The roll call of Democrats calling for Biden to withdraw was joined on Saturday by Angie Craig, a House member from a swing district in Minnesota.

“President Biden is a good man & I appreciate his lifetime of service,” Craig wrote on social media platform X.

“But I believe he should step aside for the next generation of leadership. The stakes are too high.”

NBC News reported that the Democratic leader in the House, Hakeem Jeffries, was set to discuss the president’s candidacy among colleagues on Sunday.

Throughout the roughly 20-minute interview on ABC, Biden rejected opinion polls that show him trailing Trump both nationwide and in the pivotal swing states that will determine the election outcome.

“I don’t think anybody is more qualified to be president or win this race than me,” Biden said.

The president also dodged questions about whether he would be willing to undergo cognitive and neurological testing, at one point replying: “I have a cognitive test every single day, every day I have that test.”

Biden added: “You know, not only am I campaigning, I am running the world . . . for example, today, before I came out here, I am on the phone with the prime minister of, well anyway, I shouldn’t get into the detail, with Netanyahu, I’m on the phone with the new prime minister of England.” The president appeared to be referencing a call he had on Thursday with Israeli Prime Minister Benjamin Netanyahu, and another on Friday with new UK Prime Minister Sir Keir Starmer.

In another exchange, Biden appeared to suggest that nobody would be able to convince him to suspend his re-election bid, saying: “If the Lord almighty tells me to, I might do that.”

“It seems that the only person who still believes Biden should still be in the race is Biden,” said one top Democratic donor. Another Democratic donor called the interview “pathetic”, while another said it was “too little, too late”.

Many Democratic lawmakers, party operatives and influential donors have privately called for Biden to suspend his re-election campaign after last week’s debate reignited questions about the president’s age and fitness for office. But more critics have been willing to go public with their concerns in recent days.

Maura Healey, the Democratic governor of Massachusetts, became the first state governor to suggest Biden step aside on Friday. Healey was among governors who met the president for emergency talks at the White House this week.

She issued a statement urging him to “listen to the American people and carefully evaluate whether he remains our best hope to defeat Donald Trump”.

Meanwhile, the Washington Post reported on Friday that Mark Warner, a senator from Virginia, was working to assemble a group of Democratic senators to ask Biden to exit the race. A spokesperson for Warner did not respond to a request for comment.

Earlier on Friday, Biden delivered a defiant speech in Wisconsin, a swing state, telling a crowd of supporters that he would not bow to the mounting pressure on him to quit.

“Let me say this as clearly as I can: I’m staying in the race. I’ll beat Donald Trump.”

Reporters travelling with Biden noted several people standing outside the venue where he spoke in Wisconsin holding signs urging him to “bow out” and “pass the torch”. Another sign read: “Give it up, Joe.”

His campaign on Friday said it would spend another $50mn on advertising in the month of July, including for ad spots that would run during this month’s Republican National Convention and the Olympics.

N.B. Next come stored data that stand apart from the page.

(* In the setting described in the context, let $0<h<h_\circ$ and $j\in\{1,\dots,d\}$. Then there is a constant $C$, independent of $v$ and $h$, such that \[(\partial_{x_j}\mathbf H\Phi_v^h(x))^2\le C\,\mathbf H\Phi_v^h(x)\quad\text{for all }x\in B_{R_\circ-1}.\]
   Context: $\mathbf Hf(x)=|\det(\partial_i\partial_jf(x))_{i,j}|$. $B_r$ is the open ball of radius $r$ centered at $0$ in $\mathbb R^d$, $2\le d\le4$. Let $\phi:\mathbb R^d\to\mathbb R$ coincide on $[-1,1]^d$ with an analytic convex function of finite type defined on $[-2,2]^d$ and vanish outside $[-1,1]^d$; finite type means there are an integer $k\ge2$ and $m,M>0$ with $|\partial^\alpha\phi(x)|\le M$ for $|\alpha|\le 2k+5$ and $\sum_{j=2}^k\frac1{j!}|(u\cdot\nabla)^j\phi(x)|\ge m$ for all $x\in[-1,1]^d$ and unit vectors $u$. For $v\in\mathbb R^d$ with $-v\in\nabla\phi(B_{1/4})$, let $\omega_v\in B_{1/4}$ be the unique point with $\nabla\phi(\omega_v)=-v$ and $\Phi_v(x)=\phi(x+\omega_v)+v\cdot x-\phi(\omega_v)$. There is $c_\phi>0$ with $(c_\phi|x|)^k\le\Phi_v(x)$ on $B_{1/2}$ for all such $v$; fix $0<h_\circ\le(c_\phi/4)^k$. For $0<h<h_\circ$ let $\mathcal B_v^h=\{x\in B_{1/2}:\Phi_v(x)<h/2\}$, let $T_v^h$ be an invertible affine map of $\mathbb R^d$ with $B_1\subset(T_v^h)^{-1}\mathcal B_v^h\subset B_d$, and set $\Phi_v^h(x)=h^{-1}\Phi_v(T_v^hx)$. Standing assumption: $h_\circ$ is small enough that every $\Phi_v^h$ is defined, convex and of finite type on a ball $B_{R_\circ}$ with $R_\circ\ge100d$. *)

theory Defs
  imports "HOL-Analysis.Analysis"
begin

text \<open>Points of R^d are vectors real^'n with CARD('n) = d.\<close>

definition cube :: "real \<Rightarrow> (real^'n) set" where
  "cube r = {x. \<forall>i. \<bar>x $ i\<bar> \<le> r}"

definition partial :: "'n \<Rightarrow> (real^'n \<Rightarrow> real) \<Rightarrow> real^'n \<Rightarrow> real" where
  "partial i f x = deriv (\<lambda>t. f (x + t *\<^sub>R axis i 1)) 0"

text \<open>Iterated partial derivative; a list of indices of length n represents a multi-index of order n.\<close>
fun iter_partial :: "'n list \<Rightarrow> (real^'n \<Rightarrow> real) \<Rightarrow> real^'n \<Rightarrow> real" where
  "iter_partial [] f = f"
| "iter_partial (i # is) f = partial i (iter_partial is f)"

definition udot_grad :: "real^'n \<Rightarrow> (real^'n \<Rightarrow> real) \<Rightarrow> real^'n \<Rightarrow> real" where
  "udot_grad u f = (\<lambda>x. \<Sum>i\<in>UNIV. u $ i * partial i f x)"

definition grad :: "(real^'n \<Rightarrow> real) \<Rightarrow> real^'n \<Rightarrow> real^'n" where
  "grad f x = (\<chi> i. partial i f x)"

definition finite_type_on :: "(real^'n) set \<Rightarrow> (real^'n \<Rightarrow> real) \<Rightarrow> nat \<Rightarrow> real \<Rightarrow> real \<Rightarrow> bool" where
  "finite_type_on S f k m M \<longleftrightarrow> 2 \<le> k \<and> m > 0 \<and> M > 0 \<and>
     (\<forall>x\<in>S. \<forall>is. length is \<le> 2 * k + 5 \<longrightarrow> \<bar>iter_partial is f x\<bar> \<le> M) \<and>
     (\<forall>x\<in>S. \<forall>u. norm u = 1 \<longrightarrow>
        (\<Sum>j=2..k. \<bar>((udot_grad u) ^^ j) f x\<bar> / fact j) \<ge> m)"

definition real_analytic_at :: "(real^'n \<Rightarrow> real) \<Rightarrow> real^'n \<Rightarrow> bool" where
  "real_analytic_at f a \<longleftrightarrow> (\<exists>r>0. \<exists>c :: ('n \<Rightarrow> nat) \<Rightarrow> real.
     \<forall>x\<in>ball a r. ((\<lambda>\<alpha>. c \<alpha> * (\<Prod>i\<in>UNIV. (x $ i - a $ i) ^ \<alpha> i)) has_sum f x) UNIV)"

definition hessdet :: "(real^'n \<Rightarrow> real) \<Rightarrow> real^'n \<Rightarrow> real" where
  "hessdet f x = \<bar>det (\<chi> i j. partial i (partial j f) x)\<bar>"

definition admissible :: "(real^'n \<Rightarrow> real) \<Rightarrow> real^'n \<Rightarrow> bool" where
  "admissible g v \<longleftrightarrow> (\<exists>w\<in>ball 0 (1/4). grad g w = - v)"

definition omega :: "(real^'n \<Rightarrow> real) \<Rightarrow> real^'n \<Rightarrow> real^'n" where
  "omega g v = (THE w. w \<in> ball 0 (1/4) \<and> grad g w = - v)"

definition Phi :: "(real^'n \<Rightarrow> real) \<Rightarrow> real^'n \<Rightarrow> real^'n \<Rightarrow> real" where
  "Phi g v x = g (x + omega g v) + v \<bullet> x - g (omega g v)"

definition sublevel :: "(real^'n \<Rightarrow> real) \<Rightarrow> real^'n \<Rightarrow> real \<Rightarrow> (real^'n) set" where
  "sublevel g v h = {x \<in> ball 0 (1/2). Phi g v x < h / 2}"

definition invertible_affine :: "(real^'n \<Rightarrow> real^'n) \<Rightarrow> bool" where
  "invertible_affine T \<longleftrightarrow> (\<exists>A b. linear A \<and> bij A \<and> T = (\<lambda>x. A x + b))"

definition Phih :: "(real^'n \<Rightarrow> real) \<Rightarrow> real^'n \<Rightarrow> real \<Rightarrow> (real^'n \<Rightarrow> real^'n) \<Rightarrow> real^'n \<Rightarrow> real" where
  "Phih g v h T x = Phi g v (T x) / h"

end

theory Submission
  imports Defs
begin

(* Along the line t \<mapsto> x + t e_j the function f(t) = det D\<^sup>2\<Phi>(x + t e_j) is nonnegative,
   because \<Phi> is convex, and f, f', f'' are bounded by a constant depending only on the
   finite-type bound for the derivatives of \<Phi> of order at most four, because the determinant
   is a polynomial in the second derivatives. Glaeser's inequality f'(0)\<^sup>2 \<le> 2 sup |f''| f(0)
   for nonnegative functions then gives the claim. Analyticity of \<phi> is needed only to know that
   \<Phi> is smooth, so that the partial derivatives occurring in the finite-type condition are
   genuine derivatives. *)

section \<open>Smooth functions\<close>

definition dir_deriv :: "'a::real_normed_vector \<Rightarrow> ('a \<Rightarrow> real) \<Rightarrow> 'a \<Rightarrow> real" where
  "dir_deriv u f x = deriv (\<lambda>t. f (x + t *\<^sub>R u)) 0"

text \<open>Since \<open>dir_deriv\<close> is built from \<open>deriv\<close>, this is what makes iterated partial
  derivatives genuine derivatives.\<close>
coinductive smooth_on :: "'a::real_normed_vector set \<Rightarrow> ('a \<Rightarrow> real) \<Rightarrow> bool" for S where
  smooth_onI: "(\<And>y. y \<in> S \<Longrightarrow> f differentiable (at y)) \<Longrightarrow> (\<And>u. smooth_on S (dir_deriv u f))
    \<Longrightarrow> smooth_on S f"

lemma smooth_on_invariantI:
  assumes "X f"
    and "\<And>f. X f \<Longrightarrow> (\<forall>y\<in>S. f differentiable (at y)) \<and>
                      (\<forall>u. X (dir_deriv u f) \<or> smooth_on S (dir_deriv u f))"
  shows "smooth_on S f"
  using assms(1)
proof (coinduction arbitrary: f rule: smooth_on.coinduct)
  case (smooth_on f)
  then show ?case using assms(2)[of f] by blast
qed

lemma has_real_derivative_along_line:
  assumes "(f has_derivative D) (at (x + t *\<^sub>R u))"
  shows "((\<lambda>s. f (x + s *\<^sub>R u)) has_real_derivative D u) (at t)"
proof -
  have "((\<lambda>s. x + s *\<^sub>R u) has_derivative (\<lambda>s. s *\<^sub>R u)) (at t)"
    by (auto intro!: derivative_eq_intros)
  from has_derivative_compose[OF this assms]
  have "((\<lambda>s. f (x + s *\<^sub>R u)) has_derivative (\<lambda>s. D (s *\<^sub>R u))) (at t)"
    by (simp add: o_def)
  moreover have "(\<lambda>s. D (s *\<^sub>R u)) = (*) (D u)"
    using has_derivative_linear[OF assms] by (auto simp: linear_scale)
  ultimately show ?thesis
    by (simp add: has_field_derivative_def)
qed

lemma dir_deriv_eq:
  assumes "(f has_derivative D) (at y)"
  shows "dir_deriv u f y = D u"
  unfolding dir_deriv_def
  by (rule DERIV_imp_deriv) (use has_real_derivative_along_line[of f D y 0 u] assms in simp)

lemma dir_deriv_cong:
  assumes "open S" "y \<in> S" "\<And>z. z \<in> S \<Longrightarrow> f z = g z"
  shows "dir_deriv u f y = dir_deriv u g y"
proof -
  have "open ((\<lambda>t::real. y + t *\<^sub>R u) -` S)"
    by (rule open_vimage[OF assms(1)]) (intro continuous_intros)
  then have "eventually (\<lambda>t. y + t *\<^sub>R u \<in> S) (nhds 0)"
    using assms(2) eventually_nhds_in_open by fastforce
  then have "eventually (\<lambda>t. f (y + t *\<^sub>R u) = g (y + t *\<^sub>R u)) (nhds 0)"
    by eventually_elim (use assms in auto)
  then show ?thesis
    unfolding dir_deriv_def by (intro deriv_cong_ev) auto
qed

lemma smooth_on_differentiable: "smooth_on S f \<Longrightarrow> y \<in> S \<Longrightarrow> f differentiable (at y)"
  by (erule smooth_on.cases) auto

lemma smooth_on_dir_deriv: "smooth_on S f \<Longrightarrow> smooth_on S (dir_deriv u f)"
  by (erule smooth_on.cases) auto

lemma smooth_on_has_derivative:
  assumes "smooth_on S f" "y \<in> S"
  shows "(f has_derivative (\<lambda>u. dir_deriv u f y)) (at y)"
proof -
  obtain D where D: "(f has_derivative D) (at y)"
    using smooth_on_differentiable[OF assms] by (auto simp: differentiable_def)
  moreover have "D = (\<lambda>u. dir_deriv u f y)"
    using dir_deriv_eq[OF D] by auto
  ultimately show ?thesis by simp
qed

lemma smooth_on_has_real_derivative_along_line:
  assumes "smooth_on S f" "x + t *\<^sub>R u \<in> S"
  shows "((\<lambda>s. f (x + s *\<^sub>R u)) has_real_derivative dir_deriv u f (x + t *\<^sub>R u)) (at t)"
  using has_real_derivative_along_line[OF smooth_on_has_derivative[OF assms]] .

lemma smooth_on_locally:
  assumes "\<forall>y\<in>S. \<exists>N. open N \<and> y \<in> N \<and> smooth_on N f"
  shows "smooth_on S f"
proof (rule smooth_on_invariantI[of "\<lambda>f. \<forall>y\<in>S. \<exists>N. open N \<and> y \<in> N \<and> smooth_on N f"])
  fix f assume "\<forall>y\<in>S. \<exists>N. open N \<and> y \<in> N \<and> smooth_on N f"
  then show "(\<forall>y\<in>S. f differentiable (at y)) \<and>
      (\<forall>u. (\<forall>y\<in>S. \<exists>N. open N \<and> y \<in> N \<and> smooth_on N (dir_deriv u f)) \<or> smooth_on S (dir_deriv u f))"
    by (meson smooth_on_dir_deriv smooth_on_differentiable)
qed (use assms in blast)

lemma has_derivative_affine_comp:
  fixes A :: "'a::euclidean_space \<Rightarrow> 'b::euclidean_space" and l :: "'a \<Rightarrow> real"
  assumes K: "(K has_derivative K') (at (A y + b))" and A: "linear A" and l: "linear l"
  shows "((\<lambda>y. c * K (A y + b) + l y + e) has_derivative (\<lambda>h. c * K' (A h) + l h)) (at y)"
proof -
  have "((\<lambda>y. A y + b) has_derivative A) (at y)"
    using A by (auto intro!: derivative_eq_intros linear_imp_has_derivative)
  from has_derivative_compose[OF this K]
  have "((\<lambda>y. K (A y + b)) has_derivative (\<lambda>h. K' (A h))) (at y)"
    by (simp add: o_def)
  then show ?thesis
    using l by (auto intro!: derivative_eq_intros linear_imp_has_derivative)
qed

lemma smooth_on_affine_comp:
  fixes A :: "'a::euclidean_space \<Rightarrow> 'b::euclidean_space" and l :: "'a \<Rightarrow> real"
  assumes K: "smooth_on U K" and A: "linear A" and l: "linear l" and S: "open S"
    and AS: "\<And>y. y \<in> S \<Longrightarrow> A y + b \<in> U"
  shows "smooth_on S (\<lambda>y. c * K (A y + b) + l y + e)"
  \<comment> \<open>The class is closed under \<open>dir_deriv u\<close>: the derivative is \<open>c (dir_deriv (A u) K)(A y + b) + l u\<close>.\<close>
proof (rule smooth_on_invariantI[of "\<lambda>G. \<exists>K c l e. smooth_on U K \<and> linear l \<and>
           (\<forall>y\<in>S. G y = c * K (A y + b) + l y + e)"])
  show "\<exists>K' c' l' e'. smooth_on U K' \<and> linear l' \<and>
      (\<forall>y\<in>S. c * K (A y + b) + l y + e = c' * K' (A y + b) + l' y + e')"
    using K l by blast
next
  fix G assume "\<exists>K c l e. smooth_on U K \<and> linear l \<and> (\<forall>y\<in>S. G y = c * K (A y + b) + l y + e)"
  then obtain K c l e where K: "smooth_on U K" and l: "linear l"
    and G: "\<And>y. y \<in> S \<Longrightarrow> G y = c * K (A y + b) + l y + e" by blast
  have G': "(G has_derivative (\<lambda>h. c * dir_deriv (A h) K (A y + b) + l h)) (at y)"
    if y: "y \<in> S" for y
  proof (rule has_derivative_transform_within_open[OF _ S y])
    show "((\<lambda>y. c * K (A y + b) + l y + e) has_derivative
        (\<lambda>h. c * dir_deriv (A h) K (A y + b) + l h)) (at y)"
      by (rule has_derivative_affine_comp[OF smooth_on_has_derivative[OF K AS[OF y]] A l])
  qed (use G in auto)
  show "(\<forall>y\<in>S. G differentiable (at y)) \<and>
        (\<forall>u. (\<exists>K c l e. smooth_on U K \<and> linear l \<and>
                (\<forall>y\<in>S. dir_deriv u G y = c * K (A y + b) + l y + e))
          \<or> smooth_on S (dir_deriv u G))"
  proof (intro conjI allI ballI disjI1)
    show "G differentiable (at y)" if "y \<in> S" for y
      using G'[OF that] by (auto simp: differentiable_def)
    fix u
    show "\<exists>K c l e. smooth_on U K \<and> linear l \<and>
        (\<forall>y\<in>S. dir_deriv u G y = c * K (A y + b) + l y + e)"
    proof (intro exI conjI ballI)
      show "smooth_on U (dir_deriv (A u) K)" using K by (rule smooth_on_dir_deriv)
      show "linear (\<lambda>y::'a. 0::real)" by (simp add: linear_zero)
      fix y assume "y \<in> S"
      show "dir_deriv u G y = c * dir_deriv (A u) K (A y + b) + 0 + l u"
        using dir_deriv_eq[OF G'[OF \<open>y \<in> S\<close>]] by simp
    qed
  qed
qed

Biden’s vice-president Kamala Harris, California governor Gavin Newsom and Michigan governor Gretchen Whitmer — all seen as possible candidates should Biden step aside — have remained publicly loyal to the president’s campaign. At a July 4 celebration at the White House on Thursday evening, Biden joined hands with his vice-president as some people in the crowd chanted, “four more years”.

But other prominent Democrats are more reluctant to share the stage with the president. When Biden visited Wisconsin on Friday, he was joined by the state’s Democratic governor, Tony Evers — but not Tammy Baldwin, the state’s Democratic senator, who is polling far ahead of the president.

The latest FiveThirtyEight polling average shows Trump leading Biden by just shy of two points in Wisconsin.